Tuesday, April 16, 2013

The Classics: Navy Beans & Ham


Just like gramma used to make! Simple and filling this has fed our family for generations. My grandmother was never too far from a big ol' pot of beans. Navy beans, Great Nortern, lima, and butter beans, all got simmered on the stove all afternoon with some sort hog bones. Ham bones, neck bones, pig's feet, you were never quite sure what it was going to be, but you knew it would be good.

So here's our entire ingedient list: 1 left over ham bone that I had stashed in the freezer, 1 one pond bag of dried navy beans and 1 onion.
 
Place the ham bone in your dutch oven.
 
 
Pour 2 quarts of water over, don't worry if it doesn't cover it completely.

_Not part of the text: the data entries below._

(* Let $(X,d)$ be a metric space with $|X|=n$ whose distances are integers in $[0,\frac{16k}{\varepsilon}]$, for an integer $k\in[n]$ and $\varepsilon>0$. Then $\mathtt{detRecMSD}(X,k)$ runs in time $\left(O(\frac{k}{\varepsilon})\right)^k\cdot n^{O(1)}$.
   Context: $\operatorname{diam}(S)=\max_{p,q\in S}d(p,q)$, $\operatorname{Ball}(x,R)=\{z\in X:d(x,z)\le R\}$, and the cost of a collection of clusters is the sum of their diameters. The deterministic procedure $\mathtt{detRecMSD}(S,t)$ is: set $\mathcal{C}_i\gets\{S\}$ for all $i\in\{1,\dots,t\}$; if $t=1$ or $|S|=1$ return $(\mathcal{C}_1,\dots,\mathcal{C}_t)$. Otherwise let $x,y\in S$ with $d(x,y)=\operatorname{diam}(S)$; for each integer $R=0,1,\dots,\operatorname{diam}(S)-1$: let $S_1=S\cap\operatorname{Ball}(x,R)$, $S_2=S\setminus\operatorname{Ball}(x,R)$, compute $\mathcal{A}=\mathtt{detRecMSD}(S_1,t-1)$ and $\mathcal{B}=\mathtt{detRecMSD}(S_2,t-1)$, and for all $i,j\in\{1,\dots,t-1\}$ with $i+j\le t$, if $\operatorname{cost}(\mathcal{A}_i\cup\mathcal{B}_j)<\operatorname{cost}(\mathcal{C}_{i+j})$ set $\mathcal{C}_{i+j}\gets\mathcal{A}_i\cup\mathcal{B}_j$. Finally return $(\mathcal{C}_1,\dots,\mathcal{C}_t)$. *)

theory Defs
  imports Complex_Main
begin

definition int_metric_on :: "'a set \<Rightarrow> ('a \<Rightarrow> 'a \<Rightarrow> int) \<Rightarrow> bool" where
  "int_metric_on X d \<longleftrightarrow>
     (\<forall>p\<in>X. \<forall>q\<in>X. 0 \<le> d p q \<and> (d p q = 0 \<longleftrightarrow> p = q) \<and> d p q = d q p) \<and>
     (\<forall>p\<in>X. \<forall>q\<in>X. \<forall>r\<in>X. d p r \<le> d p q + d q r)"

definition diam :: "('a \<Rightarrow> 'a \<Rightarrow> int) \<Rightarrow> 'a set \<Rightarrow> int" where
  "diam d S = Max {d p q | p q. p \<in> S \<and> q \<in> S}"

text \<open>A valid pivot rule: for every nonempty S within X, pick S is a point x of S
  such that some y in S has d x y = diam S (the point x of a diametral pair).\<close>
definition valid_pick :: "'a set \<Rightarrow> ('a \<Rightarrow> 'a \<Rightarrow> int) \<Rightarrow> ('a set \<Rightarrow> 'a) \<Rightarrow> bool" where
  "valid_pick X d pick \<longleftrightarrow>
     (\<forall>S. S \<subseteq> X \<and> S \<noteq> {} \<longrightarrow> pick S \<in> S \<and> (\<exists>y\<in>S. d (pick S) y = diam d S))"

text \<open>Running time of detRecMSD(S,t) in a unit-cost model, following the recursion exactly.
  Base case (t = 1 or |S| <= 1): initialising C_1..C_t with {S} costs (t+1)(|S|+1).
  Otherwise: finding a diametral pair costs |S|^2; for each R = 0..diam(S)-1 we split S
  into S1 = S \<inter> Ball(x,R) and S2 = S - Ball(x,R), recurse on both with t-1, and perform
  the at most t^2 combination steps, each comparing costs (sums of diameters) of
  collections of clusters, which costs O(|S|^2) per step; we charge |S|^2 (t+1)^2
  per value of R.  The index t = 0 never arises from a call with k >= 1.\<close>
primrec msd_time :: "('a set \<Rightarrow> 'a) \<Rightarrow> ('a \<Rightarrow> 'a \<Rightarrow> int) \<Rightarrow> 'a set \<Rightarrow> nat \<Rightarrow> nat" where
  "msd_time pick d S 0 = card S + 1"
| "msd_time pick d S (Suc t) =
     (if t = 0 \<or> card S \<le> 1 then (Suc t + 1) * (card S + 1)
      else card S ^ 2 +
        (\<Sum>R \<in> {0..<nat (diam d S)}.
            card S ^ 2 * (Suc t + 1) ^ 2
          + msd_time pick d {z \<in> S. d (pick S) z \<le> int R} t
          + msd_time pick d {z \<in> S. \<not> d (pick S) z \<le> int R} t))"

end

theory Submission
  imports Defs
begin

text \<open>Every non-base call of detRecMSD with budget t+1 makes at most 2 diam(S) \<le> 2L recursive
  calls with budget t and spends polynomial time otherwise, so the call tree has depth k - 1 and
  the running time is at most (3L+1)^(k-1) times a polynomial in n and k.  With integer
  distances bounded by L = 16k/\<epsilon> (and L \<ge> 1 as soon as X has two points) this is
  (O(k/\<epsilon>))^k n^O(1).\<close>

lemma diam_le:
  assumes "finite S" "S \<noteq> {}" "\<forall>p\<in>S. \<forall>q\<in>S. d p q \<le> B"
  shows "diam d S \<le> B"
proof -
  have "finite {d p q | p q. p \<in> S \<and> q \<in> S}"
    using assms(1) by (auto intro: finite_image_set2)
  moreover have "{d p q | p q. p \<in> S \<and> q \<in> S} \<noteq> {}"
    using assms(2) by auto
  ultimately show ?thesis
    unfolding diam_def using assms(3) by (subst Max_le_iff) auto
qed

lemma int_metric_on_self:
  assumes "int_metric_on X d" "p \<in> X"
  shows "d p p = 0"
  using assms unfolding int_metric_on_def by auto

lemma int_metric_on_one_le:
  assumes "int_metric_on X d" "p \<in> X" "q \<in> X" "p \<noteq> q"
  shows "1 \<le> d p q"
proof -
  have "0 \<le> d p q" "d p q \<noteq> 0" using assms unfolding int_metric_on_def by auto
  then show ?thesis by simp
qed

lemma valid_pick_ball_nonempty:
  assumes "valid_pick X d pick" "int_metric_on X d" "S \<subseteq> X" "S \<noteq> {}" "0 \<le> r"
  shows "{z \<in> S. d (pick S) z \<le> r} \<noteq> {}"
proof -
  have "pick S \<in> S" using assms(1,3,4) unfolding valid_pick_def by blast
  moreover have "d (pick S) (pick S) = 0"
    using int_metric_on_self[OF assms(2)] \<open>pick S \<in> S\<close> assms(3) by blast
  ultimately show ?thesis using assms(5) by auto
qed

lemma valid_pick_ball_complement_nonempty:
  assumes "valid_pick X d pick" "S \<subseteq> X" "S \<noteq> {}" "r < diam d S"
  shows "{z \<in> S. \<not> d (pick S) z \<le> r} \<noteq> {}"
proof -
  obtain y where "y \<in> S" "d (pick S) y = diam d S"
    using assms(1-3) unfolding valid_pick_def by blast
  then show ?thesis using assms(4) by auto
qed

lemma msd_time_Suc_Suc_le:
  assumes "valid_pick X d pick" "int_metric_on X d" "S \<subseteq> X" "S \<noteq> {}" "\<not> card S \<le> 1"
    and rec: "\<And>T. T \<subseteq> S \<Longrightarrow> T \<noteq> {} \<Longrightarrow> msd_time pick d T (Suc t) \<le> M"
  shows "msd_time pick d S (Suc (Suc t))
    \<le> card S ^ 2 + nat (diam d S) * (card S ^ 2 * (Suc (Suc t) + 1) ^ 2 + 2 * M)"
proof -
  have "msd_time pick d S (Suc (Suc t)) = card S ^ 2 +
      (\<Sum>R \<in> {0..<nat (diam d S)}.
          card S ^ 2 * (Suc (Suc t) + 1) ^ 2
        + msd_time pick d {z \<in> S. d (pick S) z \<le> int R} (Suc t)
        + msd_time pick d {z \<in> S. \<not> d (pick S) z \<le> int R} (Suc t))"
    (is "_ = _ + sum ?branch _")
    using assms(5) by simp
  also have "\<dots> \<le> card S ^ 2 +
      (\<Sum>R \<in> {0..<nat (diam d S)}. card S ^ 2 * (Suc (Suc t) + 1) ^ 2 + 2 * M)"
  proof (rule add_left_mono[OF sum_mono])
    fix R assume "R \<in> {0..<nat (diam d S)}"
    then have "int R < diam d S" by auto
    have "msd_time pick d {z \<in> S. d (pick S) z \<le> int R} (Suc t) \<le> M"
      by (rule rec) (use valid_pick_ball_nonempty[OF assms(1-4)] in auto)
    moreover have "msd_time pick d {z \<in> S. \<not> d (pick S) z \<le> int R} (Suc t) \<le> M"
      by (rule rec)
        (use valid_pick_ball_complement_nonempty[OF assms(1,3,4) \<open>int R < diam d S\<close>] in auto)
    ultimately show "?branch R \<le> card S ^ 2 * (Suc (Suc t) + 1) ^ 2 + 2 * M" by linarith
  qed
  also have "\<dots> = card S ^ 2 + nat (diam d S) * (card S ^ 2 * (Suc (Suc t) + 1) ^ 2 + 2 * M)"
    by simp
  finally show ?thesis .
qed

lemma msd_time_le:
  assumes X: "finite X" "int_metric_on X d" "valid_pick X d pick"
    and L: "\<forall>p\<in>X. \<forall>q\<in>X. d p q \<le> int L"
    and "Suc t \<le> k" "S \<subseteq> X" "S \<noteq> {}"
  shows "msd_time pick d S (Suc t) \<le> ((k + 1) * (card X + 1))^2 * (3 * L + 1)^t"
proof -
  define Q where "Q = ((k + 1) * (card X + 1))^2"
  have le_Q: "i * j \<le> Q" if "i \<le> k + 1" "j \<le> card X + 1" for i j
    unfolding Q_def using le_trans[OF mult_le_mono[OF that] le_square] by (simp add: power2_eq_square)
  have sq_le_Q: "i^2 * j^2 \<le> Q" if "i \<le> k + 1" "j \<le> card X + 1" for i j
    unfolding Q_def power_mult_distrib[symmetric] using that by (intro power_mono mult_le_mono) auto
  have "msd_time pick d S (Suc t) \<le> Q * (3 * L + 1)^t"
    using assms(5-7)
  proof (induction t arbitrary: S)
    case 0
    have "card S \<le> card X" using card_mono[OF X(1) 0(2)] .
    then show ?case using le_Q[of 2 "card S + 1"] 0(1) by simp
  next
    case (Suc t)
    define P where "P = (3 * L + 1)^t"
    have S_le: "card S \<le> card X" using card_mono[OF X(1) Suc(3)] .
    show ?case
    proof (cases "card S \<le> 1")
      case True
      have "(Suc (Suc t) + 1) * (card S + 1) \<le> Q"
        by (rule le_Q) (use Suc(2) S_le in auto)
      also have "\<dots> \<le> Q * (3 * L + 1)^Suc t"
        using mult_le_mono2[OF one_le_power[of "3 * L + 1" "Suc t"], of Q] by simp
      finally show ?thesis using True by simp
    next
      case False
      have "diam d S \<le> int L"
        using diam_le[OF finite_subset[OF Suc(3) X(1)] Suc(4)] L Suc(3) by blast
      then have diam: "nat (diam d S) \<le> L" by simp
      have "Q \<le> Q * P"
        unfolding P_def using mult_le_mono2[OF one_le_power[of "3 * L + 1" t], of Q] by simp
      have sq: "card S ^ 2 \<le> Q * P"
        by (rule le_trans[OF _ \<open>Q \<le> Q * P\<close>]) (use sq_le_Q[of 1 "card S"] S_le in simp)
      have step: "card S ^ 2 * (Suc (Suc t) + 1) ^ 2 \<le> Q * P"
        by (rule le_trans[OF _ \<open>Q \<le> Q * P\<close>])
          (use sq_le_Q[of "Suc (Suc t) + 1" "card S"] Suc(2) S_le in \<open>simp add: mult.commute\<close>)
      have "msd_time pick d T (Suc t) \<le> Q * P" if "T \<subseteq> S" "T \<noteq> {}" for T
        unfolding P_def
        by (rule Suc.IH[OF Suc_leD[OF Suc(2)] subset_trans[OF that(1) Suc(3)] that(2)])
      then have "msd_time pick d S (Suc (Suc t))
          \<le> card S ^ 2 + nat (diam d S) * (card S ^ 2 * (Suc (Suc t) + 1) ^ 2 + 2 * (Q * P))"
        by (rule msd_time_Suc_Suc_le[OF X(3,2) Suc(3,4) False])
      also have "\<dots> \<le> Q * P + L * (Q * P + 2 * (Q * P))"
        by (rule add_mono[OF sq mult_mono[OF diam add_mono[OF step order_refl]]]) simp_all
      also have "\<dots> = Q * (3 * L + 1)^Suc t" unfolding P_def by (simp add: algebra_simps)
      finally show ?thesis .
    qed
  qed
  then show ?thesis unfolding Q_def .
qed

lemma msd_time_le_real_bound:
  fixes B :: real
  assumes X: "finite X" "int_metric_on X d" "valid_pick X d pick"
    and dist: "\<forall>p\<in>X. \<forall>q\<in>X. real_of_int (d p q) \<le> B" and "1 \<le> B"
    and "Suc t \<le> card X"
  shows "real (msd_time pick d X (Suc t)) \<le> 16 * (4 * B) ^ t * real (card X) ^ 4"
proof -
  define L where "L = nat \<lfloor>B\<rfloor>"
  have "1 \<le> L" "real L \<le> B" using \<open>1 \<le> B\<close> unfolding L_def by linarith+
  have "\<forall>p\<in>X. \<forall>q\<in>X. d p q \<le> int L"
    using dist \<open>1 \<le> B\<close> unfolding L_def by (auto simp: le_floor_iff)
  moreover have "X \<noteq> {}" using assms(6) by auto
  ultimately have "msd_time pick d X (Suc t) \<le> ((Suc t + 1) * (card X + 1))^2 * (3 * L + 1)^t"
    using msd_time_le[OF X] assms(6) by blast
  then have "real (msd_time pick d X (Suc t))
      \<le> real (((Suc t + 1) * (card X + 1))^2 * (3 * L + 1)^t)"
    by (simp only: of_nat_le_iff)
  also have "\<dots> = ((real (Suc t) + 1) * (real (card X) + 1))^2 * real (3 * L + 1)^t"
    by (simp only: of_nat_mult of_nat_power of_nat_add of_nat_1)
  also have "\<dots> \<le> (2 * real (card X) * (2 * real (card X)))^2 * (4 * B)^t"
    using assms(6) \<open>1 \<le> L\<close> \<open>real L \<le> B\<close> by (intro mult_mono power_mono) auto
  also have "\<dots> = 16 * (4 * B) ^ t * real (card X) ^ 4"
    by (simp add: power2_eq_square power4_eq_xxxx)
  finally show ?thesis .
qed

lemma one_le_dist_bound:
  assumes "finite X" "int_metric_on X d" "\<not> card X \<le> 1"
    and "\<forall>p\<in>X. \<forall>q\<in>X. real_of_int (d p q) \<le> B"
  shows "1 \<le> B"
proof -
  obtain p q where "p \<in> X" "q \<in> X" "p \<noteq> q"
    using assms(3) card_le_Suc0_iff_eq[OF assms(1)] by auto
  then have "1 \<le> d p q" using int_metric_on_one_le[OF assms(2)] by blast
  then show ?thesis using assms(4) \<open>p \<in> X\<close> \<open>q \<in> X\<close> by fastforce
qed

lemma mult_power_le_power_Suc:
  fixes B :: real
  assumes "1 \<le> B"
  shows "16 * (4 * B) ^ t \<le> (64 * B) ^ Suc t"
proof -
  have "(16::real) * 1 \<le> 64 * B * 16 ^ t"
    using assms by (intro mult_mono one_le_power) auto
  then have "16 * (4 * B) ^ t \<le> 64 * B * 16 ^ t * (4 * B) ^ t"
    using assms by (intro mult_right_mono) auto
  also have "\<dots> = 64 * B * (16 * (4 * B)) ^ t" by (simp only: power_mult_distrib mult.assoc)
  also have "\<dots> = (64 * B) ^ Suc t" by simp
  finally show ?thesis .
qed

theorem lemma6:
  shows "\<exists>c::real. c > 0 \<and> (\<exists>b::nat.
     \<forall>(X::nat set) (d::nat \<Rightarrow> nat \<Rightarrow> int) pick (k::nat) (\<epsilon>::real).
       finite X \<longrightarrow> int_metric_on X d \<longrightarrow> valid_pick X d pick \<longrightarrow>
       1 \<le> k \<longrightarrow> k \<le> card X \<longrightarrow> \<epsilon> > 0 \<longrightarrow>
       (\<forall>p\<in>X. \<forall>q\<in>X. real_of_int (d p q) \<le> 16 * real k / \<epsilon>) \<longrightarrow>
       real (msd_time pick d X k) \<le> (c * real k / \<epsilon>) ^ k * real (card X) ^ b + c)"
proof (intro exI conjI allI impI)
  fix X :: "nat set" and d :: "nat \<Rightarrow> nat \<Rightarrow> int" and pick and k :: nat and \<epsilon> :: real
  assume X: "finite X" "int_metric_on X d" "valid_pick X d pick"
    and k: "1 \<le> k" "k \<le> card X" and "\<epsilon> > 0"
    and dist: "\<forall>p\<in>X. \<forall>q\<in>X. real_of_int (d p q) \<le> 16 * real k / \<epsilon>"
  define B where "B = 16 * real k / \<epsilon>"
  obtain t where t: "k = Suc t" using k(1) by (cases k) auto
  show "real (msd_time pick d X k) \<le> (1024 * real k / \<epsilon>) ^ k * real (card X) ^ 4 + 1024"
  proof (cases "card X \<le> 1")
    case True
    then have "k = 1" "card X = 1" using k by auto
    then show ?thesis using \<open>\<epsilon> > 0\<close> by simp
  next
    case False
    have "1 \<le> B" unfolding B_def using one_le_dist_bound[OF X(1,2) False dist] .
    have "real (msd_time pick d X k) \<le> 16 * (4 * B) ^ t * real (card X) ^ 4"
      unfolding t by (rule msd_time_le_real_bound[OF X dist[folded B_def] \<open>1 \<le> B\<close>]) (use k t in simp)
    also have "\<dots> \<le> (64 * B) ^ k * real (card X) ^ 4"
      unfolding t by (rule mult_right_mono[OF mult_power_le_power_Suc[OF \<open>1 \<le> B\<close>]]) simp
    also have "\<dots> = (1024 * real k / \<epsilon>) ^ k * real (card X) ^ 4" unfolding B_def by simp
    finally show ?thesis by simp
  qed
qed (simp)

end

Now turn the burner up on high, put the lid on the pot and let it boil good for an hour or so.
 
After that hour, remove the lid, turn your heat down to medium, flip your ham bone over. Prepare your dry beans. Do what you do, sort 'em, rinse 'em, scrub 'em, disinfect 'em - or do like I do, tear open the bag and pour them in! The whole bag.
 
 
Now chunk up that onion (large dice) and put it in the pot too.
 
Sprinkle the whole thing with some pepper, put the lid back on and let it boil gently until the beans are soft. Don't salt it just yet. Check it every so often and if it looks like you need it you can add some more water. Easy does it because in the end we want it to be thick and creamy.
 
Now while the beans are cooking if you can twist bits of meat off the bone, it's cooked enough for the next step. Remove it from the pot, let it drain and cool so that you can remove the meat from the bone.
 
Toss in all those tasty little bits and dispose of the bone.
 
Now turn the heat down to low, cover and simmer until the beans are soft.
 
When the beans are totally soft, take your spoon and mash the beans. You want to mash about a third of them. This is going to release the starch that will serve as our thickener. You'll know you've mashed enough when the broth gets all cloudy.
 
And now we're going to let it simmer without the lid from here on out. This will let it thicken up nicely and concentrate the flavors, I still have not added any salt up to this point.
 
Let them cook down until it's as thick as you want it. Now you can add salt if it needs it!
 
Dish it up! I've added a big dose of fresh salsa to mine. My step dad always ate his with a coupl hefty slices of Bermuda onion. You add what you like.
 
Serve it up with some thick slices of still warm home made bread slathered in butter and you've got a meal that even your great grandfather would recognize. That's cheesy green chili quick bread, and some day I'll get the recipe for that up here! Enjoy!